Tom Sightings said...

Interesting thoughts on practical ethics. As for the dietary restriction ... I gave up red meat a few years ago, for health and other reasons, and now I don't miss it at all. In fact, on the odd occasion when I do consume red meat, it upsets my stomach and just kind of generally grosses me out. Only to say ... you get used to whatever you want to get used to. But sugar? Man, that would be a tough one for me. But for you, it might just be the right thing to do.

Linda Reeder said...

Your thinking always sounds very clear to me, and you continue to impress me with the depth of your thinking.
Very interesting thinking on practical ethics.
Going without sugar would be VERY hard for me.I'll be interested in a later report on this.

Madeline Kasian said...

Linda,I always learn something from your posts. Your message about discrimination when making choices and how you make decisions is timely for me right now when I am newly retired and trying to figure out where to put my energies.

I tend to really think things through like you do, and I enjoy your willingness to share even the difficult stuff.

I pray and hope that your husband has good appointments, I am sure your being there will be extremely helpful!

Madeline Kasian said...

P.S. How are you living without cookies,pie,muffins??? I sure could use to reduce my sugar intake as well!!!!!

Dave Brown said...

Interesting decision making and great discerning of how you can contribute yet still be with Art. Hope all goes well with the medical tests and whatever treatment.

Perpetua said...

You've made some very wise and kind decisions there, Linda.

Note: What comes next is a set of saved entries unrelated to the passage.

(* Let $d\ge2$, let $\Omega\subset\mathbb R^d$ be a nonempty bounded open convex polytope, and let $E\subset\mathbb R^d$ be endowed with a Borel probability measure $\mu$ such that $(E,\mu)$ is weakly incoming to $\Omega$. Then there exist measurable subsets $F_1,\dots,F_d\subset E$ with $\mu(F_j)>0$ for all $j$ such that every $(f_1,\dots,f_d)\in\prod_{j=1}^dF_j$ spans $\mathbb R^d$. Moreover, the sets $F_j$ can be chosen with arbitrarily small diameters.
   Context: $\Omega=\{x\in\mathbb R^d:\ \ell_j(x)>b_j,\ j=1,\dots,m\}$ for linear forms $\ell_j$ and reals $b_j$. Define $\mathrm c:\mathbb R^d\to\mathbb N\cup\{+\infty\}$ by $\mathrm c(x)=0$ if $x\in\Omega$, $+\infty$ if $x\notin\overline\Omega$, $\#\{i:\ell_i(x)=b_i\}$ if $x\in\partial\Omega$. $(E,\mu)$ is weakly incoming to $\Omega$ if for every $x_0\in\partial\Omega$ there exist $\epsilon>0$, $\theta\in\{\pm1\}$ and a measurable $F\subset E$ with $\mu(F)>0$ such that $\mathrm c(x_0+\theta te)<\mathrm c(x_0)$ for all $t\in]0,\epsilon]$ and all $e\in F$. *)

theory Defs
  imports "HOL-Probability.Probability"
begin

definition polytope :: "nat \<Rightarrow> (nat \<Rightarrow> real^'d) \<Rightarrow> (nat \<Rightarrow> real) \<Rightarrow> (real^'d) set" where
  "polytope m a b = {x. \<forall>j<m. a j \<bullet> x > b j}"
(* Consider the corrupted Lipschitz contextual search problem with pricing loss described in the context, and let the learner run Algorithm 3 (described in the context) with discretization parameter $\eta_0=T^{-1/(d+1)}$ and agnostic-check schedule $\tau_0\ge 1$. Then for any unknown corruption budget $C$ (and every $L$-Lipschitz $f$, context sequence and adaptive corruption strategy with at most $C$ corrupted rounds), the total pricing loss is at most \[ L\cdot O\big(C\log T + T^{d/(d+1)}\log T + C\tau_0 + T/\tau_0\big). \] In particular, with $\tau_0=T^{1/(d+1)}$, the total pricing loss is at most $L\cdot \widetilde{O}\big(T^{d/(d+1)} + C\cdot T^{1/(d+1)}\big)$, where $\widetilde O$ hides logarithmic factors in $T$.
   Context: Problem. Fix $L>0$, $d\ge 1$, horizon $T\ge 2$. An adversary fixes an unknown $f:[0,1]^d\to[0,L]$ with $|f(x)-f(y)|\le L\|x-y\|_\infty$. In each round $t=1,\dots,T$: the adversary chooses $x_t\in[0,1]^d$; the learner observes $x_t$ and posts a guess (price) $q_t$; the adversary observes $q_t$ and sends $\sigma_t\in\{0,1\}$. With $\sigma(u)=1$ if $u>0$, $0$ if $u\le 0$: in uncorrupted rounds $\sigma_t=\sigma(q_t-f(x_t))$, in corrupted rounds $\sigma_t=1-\sigma(q_t-f(x_t))$; the adversary chooses adaptively (after seeing $q_t$) which rounds to corrupt, with at most $C$ corrupted rounds, $C$ unknown to the learner. The (unobserved) pricing loss of round $t$ is $\ell(q_t,f(x_t))=f(x_t)-q_t\cdot\mathbb{1}[q_t\le f(x_t)]$. $\mathtt{len}$ denotes length of an interval and side length of a hypercube. Subroutine $\mathtt{MidpointQuery}(I,Y)$, $Y=[a,b]$: guess $q=(a+b)/2$; if $\sigma_t=1$ return $Y\cap[0,q+L\,\mathtt{len}(I)]$, if $\sigma_t=0$ return $Y\cap[q-L\,\mathtt{len}(I),\infty)$. Algorithm 3. The learner uniformly partitions $[0,1]^d$ into hypercubes of side length $\Theta(\eta_0)$. Each hypercube $I_j$ has an associated range $Y_j$ (initially $[0,L]$) and a counter $c_j$ (initially $0$). In round $t$, let $I_j$ be the hypercube containing $x_t$. If $\mathtt{len}(Y_j)<10L\eta_0$ ($I_j$ is "pricing-ready"): set $c_j:=c_j+1$; if $c_j>\tau_0$, guess $\max(Y_j)$ (a "checking round") and set $c_j:=0$; otherwise guess $\min(Y_j)$ (a "pricing round"). The learner is "surprised" if in a checking round it receives $\sigma_t=0$ or in a pricing round it receives $\sigma_t=1$; when surprised it sets $Y_j:=[0,L]$ and $c_j:=0$. If $I_j$ is not pricing-ready, it performs a "searching round" $Y_j:=\mathtt{MidpointQuery}(I_j,Y_j)$. *)

theory Defs
  imports "HOL-Analysis.Analysis"
begin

BLissed-Out Grandma said...

Thanks for describing how you've worked through these various questions, Linda. Wise choices, I'd say. It's always good when you feel better after making a particular decision, isn't it!

Suzanne said...
This comment has been removed by the author.
Suzanne said...


Sometimes the things I want to do and the things I need to do collide. Those times make for an interesting internal debate, but when I am totally honest with myself, the choice is clear, even if it means passing up a good opportunity.

I think it is easier to tell ourselves that we can handle everything, than it is to honestly evaluate the situation and accept that other obligations take precedent.

Your comment, "consistent with my values" is not only a great factor for decision making, it is also a great way to live.

Maybe if more people followed your example, they'd make fewer bad decisions. Take care.